Exercise -
Go through the entries below and copy each line that holds the word "blast".

Material provided below:

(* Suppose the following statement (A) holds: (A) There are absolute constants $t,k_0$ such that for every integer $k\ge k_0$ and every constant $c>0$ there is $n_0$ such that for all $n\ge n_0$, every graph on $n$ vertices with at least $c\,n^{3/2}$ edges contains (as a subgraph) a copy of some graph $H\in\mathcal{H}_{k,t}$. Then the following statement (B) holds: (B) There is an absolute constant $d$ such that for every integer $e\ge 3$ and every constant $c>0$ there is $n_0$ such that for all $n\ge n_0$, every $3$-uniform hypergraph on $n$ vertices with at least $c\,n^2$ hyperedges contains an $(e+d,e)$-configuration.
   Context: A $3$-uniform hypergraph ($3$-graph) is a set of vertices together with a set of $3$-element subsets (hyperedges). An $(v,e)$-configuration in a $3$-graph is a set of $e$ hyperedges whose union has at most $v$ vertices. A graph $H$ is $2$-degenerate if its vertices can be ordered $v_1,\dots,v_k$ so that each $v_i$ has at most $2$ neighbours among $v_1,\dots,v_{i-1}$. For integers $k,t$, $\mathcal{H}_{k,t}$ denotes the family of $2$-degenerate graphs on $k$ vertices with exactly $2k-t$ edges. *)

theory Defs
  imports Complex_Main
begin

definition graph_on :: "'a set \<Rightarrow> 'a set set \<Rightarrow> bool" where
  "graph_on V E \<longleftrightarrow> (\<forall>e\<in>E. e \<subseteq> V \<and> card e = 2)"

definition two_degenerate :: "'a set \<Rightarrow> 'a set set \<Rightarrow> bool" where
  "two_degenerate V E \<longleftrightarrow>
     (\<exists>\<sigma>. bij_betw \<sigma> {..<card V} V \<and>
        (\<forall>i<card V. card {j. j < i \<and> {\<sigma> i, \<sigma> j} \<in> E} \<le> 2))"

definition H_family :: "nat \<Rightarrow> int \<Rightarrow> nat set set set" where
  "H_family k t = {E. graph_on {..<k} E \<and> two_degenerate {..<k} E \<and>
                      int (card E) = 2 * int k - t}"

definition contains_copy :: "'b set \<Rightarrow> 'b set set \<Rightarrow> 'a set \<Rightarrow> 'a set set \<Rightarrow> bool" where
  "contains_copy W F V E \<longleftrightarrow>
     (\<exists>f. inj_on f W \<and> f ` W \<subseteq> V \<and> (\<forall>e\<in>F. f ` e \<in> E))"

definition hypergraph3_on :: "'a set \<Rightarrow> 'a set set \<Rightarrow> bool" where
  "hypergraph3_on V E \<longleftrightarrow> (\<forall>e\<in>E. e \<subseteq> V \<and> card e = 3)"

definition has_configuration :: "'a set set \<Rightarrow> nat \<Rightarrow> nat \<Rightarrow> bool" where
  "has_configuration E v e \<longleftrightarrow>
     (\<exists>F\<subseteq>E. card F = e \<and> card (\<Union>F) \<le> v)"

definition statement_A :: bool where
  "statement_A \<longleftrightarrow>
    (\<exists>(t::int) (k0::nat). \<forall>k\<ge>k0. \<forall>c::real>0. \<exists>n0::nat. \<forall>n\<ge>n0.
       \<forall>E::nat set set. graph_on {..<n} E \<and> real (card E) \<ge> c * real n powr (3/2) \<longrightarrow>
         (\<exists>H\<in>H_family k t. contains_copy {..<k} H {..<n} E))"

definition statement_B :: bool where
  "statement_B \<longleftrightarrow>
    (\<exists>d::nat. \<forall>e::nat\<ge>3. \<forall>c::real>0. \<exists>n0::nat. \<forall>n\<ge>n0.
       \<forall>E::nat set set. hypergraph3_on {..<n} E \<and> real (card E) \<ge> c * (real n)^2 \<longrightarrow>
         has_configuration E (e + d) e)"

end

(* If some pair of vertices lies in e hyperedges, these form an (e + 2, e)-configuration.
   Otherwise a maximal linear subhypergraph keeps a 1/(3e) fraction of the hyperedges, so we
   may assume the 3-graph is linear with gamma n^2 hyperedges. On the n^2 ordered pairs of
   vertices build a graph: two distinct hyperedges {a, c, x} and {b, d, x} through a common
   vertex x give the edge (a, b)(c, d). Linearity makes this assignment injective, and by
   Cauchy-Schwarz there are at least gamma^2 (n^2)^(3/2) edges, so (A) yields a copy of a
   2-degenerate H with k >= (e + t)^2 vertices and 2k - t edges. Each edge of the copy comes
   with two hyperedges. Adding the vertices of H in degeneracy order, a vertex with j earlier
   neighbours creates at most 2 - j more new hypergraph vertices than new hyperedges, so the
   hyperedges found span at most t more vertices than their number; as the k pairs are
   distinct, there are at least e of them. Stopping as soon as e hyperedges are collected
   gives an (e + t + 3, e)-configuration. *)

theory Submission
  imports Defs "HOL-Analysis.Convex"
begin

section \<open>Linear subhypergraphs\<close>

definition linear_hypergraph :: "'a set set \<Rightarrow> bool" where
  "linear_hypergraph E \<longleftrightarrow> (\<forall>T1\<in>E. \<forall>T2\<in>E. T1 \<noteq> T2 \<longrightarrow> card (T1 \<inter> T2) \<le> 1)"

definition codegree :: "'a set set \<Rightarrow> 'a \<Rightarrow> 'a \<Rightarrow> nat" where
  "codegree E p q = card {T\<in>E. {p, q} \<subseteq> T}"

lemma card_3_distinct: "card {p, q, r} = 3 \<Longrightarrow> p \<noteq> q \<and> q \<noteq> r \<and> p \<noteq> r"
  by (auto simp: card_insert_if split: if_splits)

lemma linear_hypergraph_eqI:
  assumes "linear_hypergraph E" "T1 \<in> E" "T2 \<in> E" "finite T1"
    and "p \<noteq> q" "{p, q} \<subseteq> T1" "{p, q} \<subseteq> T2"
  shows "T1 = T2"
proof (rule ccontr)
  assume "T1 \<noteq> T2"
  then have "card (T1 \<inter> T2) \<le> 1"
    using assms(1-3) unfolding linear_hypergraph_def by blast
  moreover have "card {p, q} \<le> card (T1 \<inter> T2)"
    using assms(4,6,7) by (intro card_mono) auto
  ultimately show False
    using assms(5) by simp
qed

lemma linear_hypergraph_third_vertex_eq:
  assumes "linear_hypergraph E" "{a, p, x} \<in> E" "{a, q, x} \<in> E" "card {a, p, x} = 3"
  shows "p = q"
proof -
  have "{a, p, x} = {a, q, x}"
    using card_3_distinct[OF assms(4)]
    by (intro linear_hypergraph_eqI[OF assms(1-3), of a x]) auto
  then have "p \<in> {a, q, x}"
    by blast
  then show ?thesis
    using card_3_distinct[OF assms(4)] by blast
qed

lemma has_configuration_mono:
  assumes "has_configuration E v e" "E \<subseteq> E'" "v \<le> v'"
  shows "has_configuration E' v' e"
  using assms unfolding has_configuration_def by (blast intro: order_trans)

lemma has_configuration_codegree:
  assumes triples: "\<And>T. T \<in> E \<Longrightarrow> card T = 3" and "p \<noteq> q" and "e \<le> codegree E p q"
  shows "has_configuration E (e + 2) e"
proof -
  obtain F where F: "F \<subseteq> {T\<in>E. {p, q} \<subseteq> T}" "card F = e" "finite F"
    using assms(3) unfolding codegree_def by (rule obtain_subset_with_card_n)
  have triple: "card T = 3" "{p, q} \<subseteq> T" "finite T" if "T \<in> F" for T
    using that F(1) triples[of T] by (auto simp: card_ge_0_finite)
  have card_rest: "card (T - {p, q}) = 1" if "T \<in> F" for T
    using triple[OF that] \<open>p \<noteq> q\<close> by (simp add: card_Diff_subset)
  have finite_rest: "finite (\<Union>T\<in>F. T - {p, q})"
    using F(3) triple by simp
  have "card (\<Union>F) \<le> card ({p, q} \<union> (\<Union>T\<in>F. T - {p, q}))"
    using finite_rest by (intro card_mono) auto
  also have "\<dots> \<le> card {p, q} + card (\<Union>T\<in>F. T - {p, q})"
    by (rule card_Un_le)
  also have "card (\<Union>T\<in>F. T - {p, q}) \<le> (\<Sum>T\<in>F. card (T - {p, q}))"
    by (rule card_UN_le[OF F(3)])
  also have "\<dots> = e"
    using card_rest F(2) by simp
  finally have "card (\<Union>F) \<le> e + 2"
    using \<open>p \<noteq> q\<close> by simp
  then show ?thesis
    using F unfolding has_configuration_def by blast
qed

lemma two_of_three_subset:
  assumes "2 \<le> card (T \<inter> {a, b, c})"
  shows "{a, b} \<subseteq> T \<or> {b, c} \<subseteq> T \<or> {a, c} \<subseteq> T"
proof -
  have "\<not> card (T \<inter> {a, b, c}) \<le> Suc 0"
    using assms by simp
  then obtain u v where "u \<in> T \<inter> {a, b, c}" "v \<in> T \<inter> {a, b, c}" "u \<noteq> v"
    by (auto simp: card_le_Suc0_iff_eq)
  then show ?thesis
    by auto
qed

End of Material provided.
Material provided below:

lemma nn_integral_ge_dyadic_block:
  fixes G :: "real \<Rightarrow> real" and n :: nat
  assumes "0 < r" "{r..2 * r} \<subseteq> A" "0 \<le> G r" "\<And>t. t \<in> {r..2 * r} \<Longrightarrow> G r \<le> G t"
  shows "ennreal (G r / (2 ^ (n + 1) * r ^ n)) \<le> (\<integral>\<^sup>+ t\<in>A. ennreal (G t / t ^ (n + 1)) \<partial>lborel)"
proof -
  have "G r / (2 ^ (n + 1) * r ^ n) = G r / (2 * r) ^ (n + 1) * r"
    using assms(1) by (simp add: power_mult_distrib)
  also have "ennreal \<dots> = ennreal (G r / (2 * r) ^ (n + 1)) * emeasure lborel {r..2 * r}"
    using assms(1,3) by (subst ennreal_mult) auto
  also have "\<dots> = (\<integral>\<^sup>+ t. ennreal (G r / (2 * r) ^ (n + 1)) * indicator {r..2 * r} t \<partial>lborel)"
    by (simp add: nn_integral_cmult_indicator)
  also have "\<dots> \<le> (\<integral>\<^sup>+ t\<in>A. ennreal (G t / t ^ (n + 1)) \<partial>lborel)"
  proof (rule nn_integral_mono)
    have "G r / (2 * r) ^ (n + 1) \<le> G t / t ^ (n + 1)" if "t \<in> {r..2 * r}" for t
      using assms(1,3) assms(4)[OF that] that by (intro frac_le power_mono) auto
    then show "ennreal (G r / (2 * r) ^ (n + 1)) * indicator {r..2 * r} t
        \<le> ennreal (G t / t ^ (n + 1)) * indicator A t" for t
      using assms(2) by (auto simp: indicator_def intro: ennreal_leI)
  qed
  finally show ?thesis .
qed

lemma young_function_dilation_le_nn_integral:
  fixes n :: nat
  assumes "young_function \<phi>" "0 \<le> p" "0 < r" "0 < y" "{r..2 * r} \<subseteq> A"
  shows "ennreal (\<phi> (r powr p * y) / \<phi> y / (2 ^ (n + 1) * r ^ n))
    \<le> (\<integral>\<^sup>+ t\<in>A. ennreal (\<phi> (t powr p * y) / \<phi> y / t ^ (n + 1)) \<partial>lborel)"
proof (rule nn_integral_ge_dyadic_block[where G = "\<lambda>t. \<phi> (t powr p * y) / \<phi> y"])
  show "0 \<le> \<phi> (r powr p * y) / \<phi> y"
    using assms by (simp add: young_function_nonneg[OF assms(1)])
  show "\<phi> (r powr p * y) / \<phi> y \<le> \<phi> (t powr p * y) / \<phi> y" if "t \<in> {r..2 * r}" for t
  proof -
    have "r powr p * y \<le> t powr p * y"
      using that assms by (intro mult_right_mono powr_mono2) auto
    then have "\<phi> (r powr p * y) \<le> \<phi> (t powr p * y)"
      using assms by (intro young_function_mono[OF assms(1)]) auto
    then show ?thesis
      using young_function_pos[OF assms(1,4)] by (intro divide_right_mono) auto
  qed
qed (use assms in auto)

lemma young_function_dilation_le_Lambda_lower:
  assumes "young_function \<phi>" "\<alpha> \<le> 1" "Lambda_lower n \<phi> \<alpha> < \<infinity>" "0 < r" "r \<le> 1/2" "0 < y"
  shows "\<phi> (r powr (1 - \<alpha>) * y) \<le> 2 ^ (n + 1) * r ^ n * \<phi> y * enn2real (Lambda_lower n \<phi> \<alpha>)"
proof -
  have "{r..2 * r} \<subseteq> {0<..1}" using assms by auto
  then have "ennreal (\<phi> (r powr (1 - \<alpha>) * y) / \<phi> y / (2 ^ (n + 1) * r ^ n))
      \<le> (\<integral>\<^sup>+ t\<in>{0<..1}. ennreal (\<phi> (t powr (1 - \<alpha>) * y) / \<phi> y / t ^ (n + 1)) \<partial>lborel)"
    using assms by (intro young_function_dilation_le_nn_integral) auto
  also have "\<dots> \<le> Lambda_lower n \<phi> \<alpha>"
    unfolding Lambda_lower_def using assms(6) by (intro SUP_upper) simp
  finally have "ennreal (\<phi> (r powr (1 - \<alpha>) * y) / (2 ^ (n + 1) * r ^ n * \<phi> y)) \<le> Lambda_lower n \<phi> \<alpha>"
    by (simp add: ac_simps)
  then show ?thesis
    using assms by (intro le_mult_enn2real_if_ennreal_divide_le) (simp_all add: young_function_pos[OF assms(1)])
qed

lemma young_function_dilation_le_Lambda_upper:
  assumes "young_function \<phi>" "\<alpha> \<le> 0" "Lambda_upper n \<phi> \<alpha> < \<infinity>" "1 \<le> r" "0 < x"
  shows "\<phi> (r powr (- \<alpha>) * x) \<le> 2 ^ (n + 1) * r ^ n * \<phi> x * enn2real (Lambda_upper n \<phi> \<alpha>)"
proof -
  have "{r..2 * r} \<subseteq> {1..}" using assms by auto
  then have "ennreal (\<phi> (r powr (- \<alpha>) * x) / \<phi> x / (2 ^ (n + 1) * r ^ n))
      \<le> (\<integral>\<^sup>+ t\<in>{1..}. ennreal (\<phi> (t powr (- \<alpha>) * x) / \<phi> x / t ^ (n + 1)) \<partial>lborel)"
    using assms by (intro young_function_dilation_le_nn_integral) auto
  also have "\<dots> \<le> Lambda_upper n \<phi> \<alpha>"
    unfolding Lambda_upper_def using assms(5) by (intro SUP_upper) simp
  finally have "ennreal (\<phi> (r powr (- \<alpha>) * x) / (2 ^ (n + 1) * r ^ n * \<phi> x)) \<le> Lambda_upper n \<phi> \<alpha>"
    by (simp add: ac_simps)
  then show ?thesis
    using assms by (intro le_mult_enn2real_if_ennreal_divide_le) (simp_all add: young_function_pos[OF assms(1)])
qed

End of Material provided.
Material provided below:

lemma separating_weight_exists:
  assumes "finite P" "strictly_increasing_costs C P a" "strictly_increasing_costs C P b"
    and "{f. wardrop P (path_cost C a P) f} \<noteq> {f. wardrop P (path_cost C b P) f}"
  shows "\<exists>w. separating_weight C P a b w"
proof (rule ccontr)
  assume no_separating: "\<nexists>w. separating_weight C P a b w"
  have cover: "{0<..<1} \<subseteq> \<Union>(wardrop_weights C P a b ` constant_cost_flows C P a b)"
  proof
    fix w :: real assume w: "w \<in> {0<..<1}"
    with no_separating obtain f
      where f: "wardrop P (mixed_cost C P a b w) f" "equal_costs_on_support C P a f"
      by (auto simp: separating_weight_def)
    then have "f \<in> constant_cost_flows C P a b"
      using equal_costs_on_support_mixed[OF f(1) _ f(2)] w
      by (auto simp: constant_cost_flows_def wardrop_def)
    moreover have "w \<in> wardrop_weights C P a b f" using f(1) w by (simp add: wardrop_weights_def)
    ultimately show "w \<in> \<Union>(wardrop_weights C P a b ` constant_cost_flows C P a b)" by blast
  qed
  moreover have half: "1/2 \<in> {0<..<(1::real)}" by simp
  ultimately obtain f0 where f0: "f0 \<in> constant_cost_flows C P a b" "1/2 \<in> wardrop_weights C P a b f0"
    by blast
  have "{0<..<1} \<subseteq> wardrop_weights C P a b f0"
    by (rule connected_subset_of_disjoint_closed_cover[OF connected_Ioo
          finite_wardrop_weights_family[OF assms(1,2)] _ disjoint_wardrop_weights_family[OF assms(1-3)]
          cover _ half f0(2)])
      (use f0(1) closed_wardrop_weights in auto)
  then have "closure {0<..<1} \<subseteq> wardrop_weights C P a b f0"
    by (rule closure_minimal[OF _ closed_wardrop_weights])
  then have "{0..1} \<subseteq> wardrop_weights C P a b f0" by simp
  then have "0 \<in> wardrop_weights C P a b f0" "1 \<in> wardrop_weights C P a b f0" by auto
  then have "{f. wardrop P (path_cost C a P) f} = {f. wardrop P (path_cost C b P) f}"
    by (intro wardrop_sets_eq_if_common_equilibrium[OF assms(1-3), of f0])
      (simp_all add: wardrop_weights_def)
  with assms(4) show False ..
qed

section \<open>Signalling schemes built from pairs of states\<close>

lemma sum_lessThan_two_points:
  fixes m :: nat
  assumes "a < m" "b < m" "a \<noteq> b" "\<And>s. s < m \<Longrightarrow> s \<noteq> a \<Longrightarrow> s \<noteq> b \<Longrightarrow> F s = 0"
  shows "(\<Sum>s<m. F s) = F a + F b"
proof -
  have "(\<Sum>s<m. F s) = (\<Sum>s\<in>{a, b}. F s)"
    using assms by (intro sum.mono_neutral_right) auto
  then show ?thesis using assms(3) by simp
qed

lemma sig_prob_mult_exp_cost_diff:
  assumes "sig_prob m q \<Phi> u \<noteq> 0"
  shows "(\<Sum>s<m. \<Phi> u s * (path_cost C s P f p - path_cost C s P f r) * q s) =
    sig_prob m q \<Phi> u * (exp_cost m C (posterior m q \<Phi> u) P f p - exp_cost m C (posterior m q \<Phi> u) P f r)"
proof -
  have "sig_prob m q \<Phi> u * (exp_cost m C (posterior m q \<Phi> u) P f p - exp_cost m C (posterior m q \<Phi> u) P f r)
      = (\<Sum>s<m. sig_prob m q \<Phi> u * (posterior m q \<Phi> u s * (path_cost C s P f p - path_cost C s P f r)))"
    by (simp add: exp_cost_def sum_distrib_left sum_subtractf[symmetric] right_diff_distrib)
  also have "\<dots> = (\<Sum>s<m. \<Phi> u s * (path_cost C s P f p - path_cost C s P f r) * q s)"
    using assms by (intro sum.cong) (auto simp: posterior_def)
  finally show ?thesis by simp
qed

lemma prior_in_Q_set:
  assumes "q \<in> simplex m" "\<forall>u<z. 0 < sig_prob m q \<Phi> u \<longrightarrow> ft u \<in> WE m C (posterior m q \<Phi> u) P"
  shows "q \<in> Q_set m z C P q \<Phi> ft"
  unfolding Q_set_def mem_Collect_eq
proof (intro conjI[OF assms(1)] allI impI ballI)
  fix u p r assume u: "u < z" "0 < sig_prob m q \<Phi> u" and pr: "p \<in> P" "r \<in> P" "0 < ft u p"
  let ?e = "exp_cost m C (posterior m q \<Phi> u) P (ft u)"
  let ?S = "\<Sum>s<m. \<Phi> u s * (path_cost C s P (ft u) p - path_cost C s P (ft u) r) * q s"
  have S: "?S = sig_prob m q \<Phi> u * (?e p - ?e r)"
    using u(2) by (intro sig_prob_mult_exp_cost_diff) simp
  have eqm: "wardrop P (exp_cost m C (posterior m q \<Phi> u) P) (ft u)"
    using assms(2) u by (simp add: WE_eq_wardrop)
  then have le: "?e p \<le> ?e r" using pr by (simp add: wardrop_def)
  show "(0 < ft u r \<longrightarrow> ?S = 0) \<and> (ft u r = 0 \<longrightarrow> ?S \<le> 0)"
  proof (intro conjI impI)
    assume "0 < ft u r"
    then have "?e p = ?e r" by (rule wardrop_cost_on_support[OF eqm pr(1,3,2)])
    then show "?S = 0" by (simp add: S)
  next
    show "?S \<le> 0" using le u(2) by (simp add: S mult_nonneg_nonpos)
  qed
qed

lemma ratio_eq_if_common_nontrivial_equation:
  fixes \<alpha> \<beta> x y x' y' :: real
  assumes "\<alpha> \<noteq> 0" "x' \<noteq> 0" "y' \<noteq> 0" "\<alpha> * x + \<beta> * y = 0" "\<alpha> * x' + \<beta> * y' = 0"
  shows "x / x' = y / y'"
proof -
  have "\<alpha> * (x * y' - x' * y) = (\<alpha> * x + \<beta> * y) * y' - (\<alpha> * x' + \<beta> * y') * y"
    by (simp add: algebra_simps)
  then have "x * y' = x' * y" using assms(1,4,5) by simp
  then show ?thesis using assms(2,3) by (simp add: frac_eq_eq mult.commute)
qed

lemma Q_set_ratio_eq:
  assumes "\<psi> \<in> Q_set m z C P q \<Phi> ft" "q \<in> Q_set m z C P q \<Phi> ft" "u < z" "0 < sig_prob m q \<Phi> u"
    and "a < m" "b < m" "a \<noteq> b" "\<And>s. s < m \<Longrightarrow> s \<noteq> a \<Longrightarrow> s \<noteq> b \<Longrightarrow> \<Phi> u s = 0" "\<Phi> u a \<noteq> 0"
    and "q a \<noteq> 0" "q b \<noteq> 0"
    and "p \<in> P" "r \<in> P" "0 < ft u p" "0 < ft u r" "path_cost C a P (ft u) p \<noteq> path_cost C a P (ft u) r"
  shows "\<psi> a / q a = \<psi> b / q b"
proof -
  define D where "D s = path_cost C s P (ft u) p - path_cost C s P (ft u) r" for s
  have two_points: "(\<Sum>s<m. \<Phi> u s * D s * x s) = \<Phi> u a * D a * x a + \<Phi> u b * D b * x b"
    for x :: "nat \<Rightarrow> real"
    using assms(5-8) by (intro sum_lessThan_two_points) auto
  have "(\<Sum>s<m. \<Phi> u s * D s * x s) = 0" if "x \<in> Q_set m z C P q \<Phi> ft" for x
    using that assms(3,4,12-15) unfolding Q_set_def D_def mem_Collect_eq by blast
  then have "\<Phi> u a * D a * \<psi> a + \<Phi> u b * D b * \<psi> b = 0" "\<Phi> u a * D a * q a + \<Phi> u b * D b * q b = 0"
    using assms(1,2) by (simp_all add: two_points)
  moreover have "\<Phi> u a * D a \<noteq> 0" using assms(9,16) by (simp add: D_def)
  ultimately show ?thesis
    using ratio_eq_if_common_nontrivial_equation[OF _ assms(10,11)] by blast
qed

End of Material provided.

Solution for this exercise -
    using assms(1-3) unfolding linear_hypergraph_def by blast
    by blast
    using card_3_distinct[OF assms(4)] by blast
  using assms unfolding has_configuration_def by (blast intro: order_trans)
    using F unfolding has_configuration_def by blast
    ultimately show "w \<in> \<Union>(wardrop_weights C P a b ` constant_cost_flows C P a b)" by blast
    by blast
    using that assms(3,4,12-15) unfolding Q_set_def D_def mem_Collect_eq by blast
    using ratio_eq_if_common_nontrivial_equation[OF _ assms(10,11)] by blast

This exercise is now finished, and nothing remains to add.